Think of an aggregate limit as similar to a piggy bank. Let's say you have an annual policy with A January 1st start date with a $2,000,000 in your piggy bank saved up for rainy days (bodily injury or property damage to a third party). If your damage a customers property in March and costs $400,000 - your piggy bank 'aggregate limit' will cover your bills. Then in July a customer slips and falls and sues you for $1,000,000 - you would still have enough to cover it. However, if you are unfortunate enough to damage a customers home in September and amount you found liable for was $800,000 your piggy bank savings can only pay $600,000 of that amount - and the remaining $200,000 would be out-of-pocket as you have exhausted your 'piggy bank'.

Per Occurrence vs Aggregate Limits Of Insurance

The declarations page of a general liability policy will list how much the policy will pay for claims on behalf of its insured, for each specific limit. Below is in example of commercial general liability policy's limits of insurance as listed on the declarations page:

Limits of Insurance

What the difference between per occurrence and aggregate liability limits? To put the differences across in a real-life situation, let us take a typical general liability policy as an example. A roofing business buys a general liability policy with an aggregate limit of $2,000,000. The business owner may think that if the damage that they were found liable for - on a commercial building that they re-roofed - that the insurance company will pay for damages up to the $2,000,000.
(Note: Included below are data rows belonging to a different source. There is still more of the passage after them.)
lemma outgoing_tangent_of_undominated_directions:
  fixes X P :: "(real^2) set" and q :: "nat \<Rightarrow> real^2"
  assumes P: "polytope P" and x: "x \<in> X" "x \<in> P"
    and q: "\<forall>k. q k \<in> X \<inter> P" "q \<longlonglongrightarrow> x" "\<forall>k. q k \<noteq> x"
    and u: "(\<lambda>k. (1 / norm (q k - x)) *\<^sub>R (q k - x)) \<longlonglongrightarrow> u" "norm u = 1"
    and G: "\<forall>z\<in>P. G z = c \<bullet> (z - x)" and F: "\<forall>z\<in>P. F z = d \<bullet> (z - x)"
    and zeros: "\<forall>z\<in>X. G z = 0 \<longrightarrow> F z = 0"
    and \<sigma>: "strict_mono \<sigma>" and undominated: "\<forall>k. real (\<sigma> k) * \<bar>G (q k)\<bar> < \<bar>F (q k)\<bar>"
  shows "outgoing_SB_tangent X x u"
proof (rule ccontr)
  assume not_outgoing: "\<not> outgoing_SB_tangent X x u"
  define v where "v k = (1 / norm (q k - x)) *\<^sub>R (q k - x)" for k
  have v_ineq: "\<forall>k. real (\<sigma> k) * \<bar>c \<bullet> v k\<bar> < \<bar>d \<bullet> v k\<bar>"
  proof
    fix k
    have "real (\<sigma> k) * \<bar>c \<bullet> (q k - x)\<bar> < \<bar>d \<bullet> (q k - x)\<bar>"
      using undominated G F q(1) by auto
    then show "real (\<sigma> k) * \<bar>c \<bullet> v k\<bar> < \<bar>d \<bullet> v k\<bar>"
      unfolding v_def by (rule undominated_scaleR) (use q(3) in simp)
  qed
  moreover have "\<forall>k. norm (v k) = 1"
    unfolding v_def using q(3) by simp
  moreover have "v \<longlonglongrightarrow> u"
    using u(1) unfolding v_def .
  ultimately have cu: "c \<bullet> u = 0"
    by (rule orthogonal_if_undominated_limit[OF \<sigma>])
  have "u \<noteq> 0"
    using u(2) by auto
  then obtain t where t: "t > 0" "closed_segment x (x + t *\<^sub>R u) \<subseteq> P"
    using ray_in_polytope_of_limit_direction[OF P x(2) _ u(1)] q(1) by blast
  have "SB_tangent X x u"
    unfolding SB_tangent_def using u q by (intro conjI exI[of _ q]) auto
  then obtain s where s: "s > 0" "x + s *\<^sub>R u \<in> closed_segment x (x + t *\<^sub>R u) \<inter> X"
    by (rule points_on_ray_if_not_outgoing[OF _ not_outgoing x(1) t(1)])
  with t(2) have "x + s *\<^sub>R u \<in> P \<inter> X"
    by blast
  then have "F (x + s *\<^sub>R u) = 0"
    using G zeros cu by simp
  then have du: "d \<bullet> u = 0"
    using F s(1) \<open>x + s *\<^sub>R u \<in> P \<inter> X\<close> by simp
  have "c \<noteq> 0"
  proof
    assume "c = 0"
    then have "F (q 0) = 0"
      using G zeros q(1) by auto
    moreover have "0 \<le> real (\<sigma> 0) * \<bar>G (q 0)\<bar>"
      by simp
    ultimately show False
      using undominated[rule_format, of 0] by linarith
  qed
  then obtain m :: nat where m: "\<forall>v. \<bar>d \<bullet> v\<bar> \<le> real m * \<bar>c \<bullet> v\<bar>"
    using dominated_if_orthogonal_common_vector[OF cu du \<open>u \<noteq> 0\<close>] by blast
  have "real m * \<bar>c \<bullet> v m\<bar> \<le> real (\<sigma> m) * \<bar>c \<bullet> v m\<bar>"
    using seq_suble[OF \<sigma>, of m] by (simp add: mult_right_mono)
  then show False
    using m[rule_format, of "v m"] v_ineq[rule_format, of m] by linarith
qed

lemma undominated_limit_is_zero:
  fixes q :: "nat \<Rightarrow> 'a::euclidean_space"
  assumes F: "affine_on P F" and G: "affine_on P G" and q: "\<forall>k. q k \<in> P" "x \<in> P" "q \<longlonglongrightarrow> x"
    and \<sigma>: "strict_mono \<sigma>" and undominated: "\<forall>k. real (\<sigma> k) * \<bar>G (q k)\<bar> < \<bar>F (q k)\<bar>"
  shows "G x = 0"
proof -
  have "convergent (\<lambda>k. F (q k))"
    using tendsto_affine_on[OF F q] by (rule convergentI)
  then have "Bseq (\<lambda>k. F (q k))"
    by (rule convergent_imp_Bseq)
  then obtain B where B: "\<forall>k. norm (F (q k)) \<le> B"
    unfolding Bseq_def by blast
  have "\<forall>k. real (\<sigma> k) * \<bar>G (q k)\<bar> \<le> B"
  proof
    fix k
    show "real (\<sigma> k) * \<bar>G (q k)\<bar> \<le> B"
      using undominated[rule_format, of k] B[rule_format, of k] by simp
  qed
  then have "(\<lambda>k. G (q k)) \<longlonglongrightarrow> 0"
    by (rule tendsto_zero_if_scaled_bounded[OF \<sigma>])
  moreover have "(\<lambda>k. G (q k)) \<longlonglongrightarrow> G x"
    using tendsto_affine_on[OF G q] .
  ultimately show ?thesis
    by (rule LIMSEQ_unique[symmetric])
qed

lemma outgoing_tangent_of_undominated_sequence:
  fixes X P :: "(real^2) set" and q :: "nat \<Rightarrow> real^2"
  assumes P: "polytope P" and x: "x \<in> X" "x \<in> P"
    and q: "\<forall>k. q k \<in> X \<inter> P" "q \<longlonglongrightarrow> x" "\<forall>k. q k \<noteq> x"
    and G: "\<forall>z\<in>P. G z = c \<bullet> (z - x)" and F: "\<forall>z\<in>P. F z = d \<bullet> (z - x)"
    and zeros: "\<forall>z\<in>X. G z = 0 \<longrightarrow> F z = 0"
    and \<sigma>: "strict_mono \<sigma>" and undominated: "\<forall>k. real (\<sigma> k) * \<bar>G (q k)\<bar> < \<bar>F (q k)\<bar>"
  obtains u where "outgoing_SB_tangent X x u"
proof -
  have "\<forall>k. (1 / norm (q k - x)) *\<^sub>R (q k - x) \<in> sphere 0 1"
    using q(3) by simp
  then obtain u and \<rho> :: "nat \<Rightarrow> nat" where "u \<in> sphere 0 1" "strict_mono \<rho>"
    and "((\<lambda>k. (1 / norm (q k - x)) *\<^sub>R (q k - x)) \<circ> \<rho>) \<longlonglongrightarrow> u"
    by (rule seq_compactE[OF compact_imp_seq_compact[OF compact_sphere]])
  moreover have "(q \<circ> \<rho>) \<longlonglongrightarrow> x"
    using LIMSEQ_subseq_LIMSEQ[OF q(2) \<open>strict_mono \<rho>\<close>] .
  moreover have "strict_mono (\<sigma> \<circ> \<rho>)"
    using \<sigma> \<open>strict_mono \<rho>\<close> by (rule strict_mono_o)
  moreover have "\<forall>k. (q \<circ> \<rho>) k \<in> X \<inter> P" "\<forall>k. (q \<circ> \<rho>) k \<noteq> x"
    "\<forall>k. real ((\<sigma> \<circ> \<rho>) k) * \<bar>G ((q \<circ> \<rho>) k)\<bar> < \<bar>F ((q \<circ> \<rho>) k)\<bar>"
    using q(1,3) undominated by simp_all
  ultimately have "outgoing_SB_tangent X x u"
    using outgoing_tangent_of_undominated_directions[OF P x _ _ _ _ _ G F zeros]
    by (simp add: o_def)
  then show ?thesis
    using that by blast
qed

lemma undominated_sequence_in_cell:
  fixes X :: "'a::euclidean_space set"
  assumes X: "compact X" and \<P>: "finite \<P>" "\<forall>P\<in>\<P>. polytope P" "X \<subseteq> \<Union>\<P>"
    and undominated: "\<forall>m::nat. \<exists>y\<in>X. real m * \<bar>G y\<bar> < \<bar>F y\<bar>"
  obtains P x q and \<sigma> :: "nat \<Rightarrow> nat" where "P \<in> \<P>" "x \<in> X \<inter> P" "\<forall>k. q k \<in> X \<inter> P" "q \<longlonglongrightarrow> x"
    "strict_mono \<sigma>" "\<forall>k. real (\<sigma> k) * \<bar>G (q k)\<bar> < \<bar>F (q k)\<bar>"
proof -
  have "\<forall>m::nat. \<exists>P\<in>\<P>. \<exists>y\<in>X \<inter> P. real m * \<bar>G y\<bar> < \<bar>F y\<bar>"
    using undominated \<P>(3) by blast
  with \<P>(1) obtain P and r :: "nat \<Rightarrow> nat" where P: "P \<in> \<P>" and r: "strict_mono r"
    and "\<forall>k. \<exists>y\<in>X \<inter> P. real (r k) * \<bar>G y\<bar> < \<bar>F y\<bar>"
    by (rule pigeonhole_subseq[where P = "\<lambda>m P. \<exists>y\<in>X \<inter> P. real m * \<bar>G y\<bar> < \<bar>F y\<bar>"])
  then have "\<forall>k. \<exists>y. y \<in> X \<inter> P \<and> real (r k) * \<bar>G y\<bar> < \<bar>F y\<bar>"
    by blast
  then obtain y where y: "\<forall>k. y k \<in> X \<inter> P \<and> real (r k) * \<bar>G (y k)\<bar> < \<bar>F (y k)\<bar>"
    by (rule choice[THEN exE])
  have "compact (X \<inter> P)"
    using X P \<P>(2) polytope_imp_compact compact_Int by blast
  moreover have "\<forall>k. y k \<in> X \<inter> P"
    using y by blast
  ultimately obtain x and \<rho> :: "nat \<Rightarrow> nat" where "x \<in> X \<inter> P" "strict_mono \<rho>" "(y \<circ> \<rho>) \<longlonglongrightarrow> x"
    using compact_imp_seq_compact seq_compactE by metis
  moreover have "strict_mono (r \<circ> \<rho>)"
    using r \<open>strict_mono \<rho>\<close> by (rule strict_mono_o)
  ultimately show ?thesis
    using that[of P x "y \<circ> \<rho>" "r \<circ> \<rho>"] P y by simp
qed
This is a common and potentially very costly misunderstanding. Most insurance policies carry "per occurrence" limits, which means that the insurance companies have a ceiling for the amount of money that they will compensate per accident. In the case of our example, the roofing business may have a $2,000,000 aggregate limit with a $1,000,000 per occurrence limit. This means that the insurance company will only pay up to $1,000,000 for the damage for that incident.

So if the costs to repair the damages to that building is $1,300,000, exceeding the per occurrence limit of $1,000,000, the roofer would have to fork out $300,000 out of pocket to pay for the repairs. This is my it is vital that you you have both your per occurrence and aggregate limits high enough to protect your business - and often an excess liability policy or commercial umbrella is needed to do that.
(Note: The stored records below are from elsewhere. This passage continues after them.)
lemma class_invariant_shift1:
  assumes "x \<in> exp_lattice"
  shows "class_modulus dvd class_invariant x - class_invariant (\<lambda>i. x (i + 1))"
proof -
  have "class_invariant x - class_invariant (\<lambda>i. x (i + 1))
      = (int q ^ 2 - int q + 1) * x 1 - (int q ^ 2 * x 1 - int q * x 2 + x 0)"
    unfolding class_invariant_def by (simp add: algebra_simps power2_eq_square three_eq_zero_3)
  moreover have "class_modulus dvd int q ^ 2 * x 1 - int q * x 2 + x 0"
    using assms unfolding in_exp_lattice class_modulus_def by (meson dvd_trans gcd_dvd1)
  ultimately show ?thesis unfolding class_modulus_def by (simp add: dvd_diff)
qed

lemma class_invariant_shift:
  assumes "x \<in> exp_lattice"
  shows "class_modulus dvd class_invariant x - class_invariant (\<lambda>i. x (i + j))"
proof -
  have 1: "class_modulus dvd class_invariant x - class_invariant (\<lambda>i. x (i + 1))"
    using class_invariant_shift1[OF assms] .
  have "class_modulus dvd class_invariant (\<lambda>i. x (i + 1)) - class_invariant (\<lambda>i. x (i + 2))"
    using class_invariant_shift1[OF exp_lattice_shift1[OF assms]] by (simp add: add.assoc)
  from dvd_add[OF 1 this]
  have 2: "class_modulus dvd class_invariant x - class_invariant (\<lambda>i. x (i + 2))" by simp
  show ?thesis using exhaust_3_zero[of j] 1 2 by auto
qed

lemma exp_lattice_congruent:
  assumes "x \<in> exp_lattice" "y \<in> exp_lattice" "int d dvd x 1 - y 1" "int d dvd x 2 - y 2"
  shows "int d dvd x i - y i"
proof -
  have "x 0 - y 0 = (int q ^ 2 * x 1 - int q * x 2 + x 0) - (int q ^ 2 * y 1 - int q * y 2 + y 0)
      - int q ^ 2 * (x 1 - y 1) + int q * (x 2 - y 2)"
    by (simp add: algebra_simps)
  then have "int d dvd x 0 - y 0"
    using assms unfolding in_exp_lattice by (metis dvd_add dvd_diff dvd_mult)
  then show ?thesis using assms(3,4) exhaust_3_zero[of i] by auto
qed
Supplementary Payments "Outside The Limits"

There are certain expenses that can be classified by the general liability policy as supplementary payments, that do not count toward the limits of liability. Some examples are fees fro bonds, prejudgment interest and expenses for legal defense. It is important to note that in some policies the supplementary payments are included inside the per occurrence limit of liability. In a large case legal fees can reach into the hundreds of thousands of dollars - so this could have a large impact on what the policy actually pays to the inured third party.

What Is The Difference Between Per Occurrence And Aggregate Liability Limits? - The Bottom Line

We hope this article on what the difference between per occurrence and aggregate liability limits? has been informative. It is important to be able to distinguish these limits so you aren't left with a huge exposure of having to pay for a claim out of pocket when you thought your policy was going to cover you.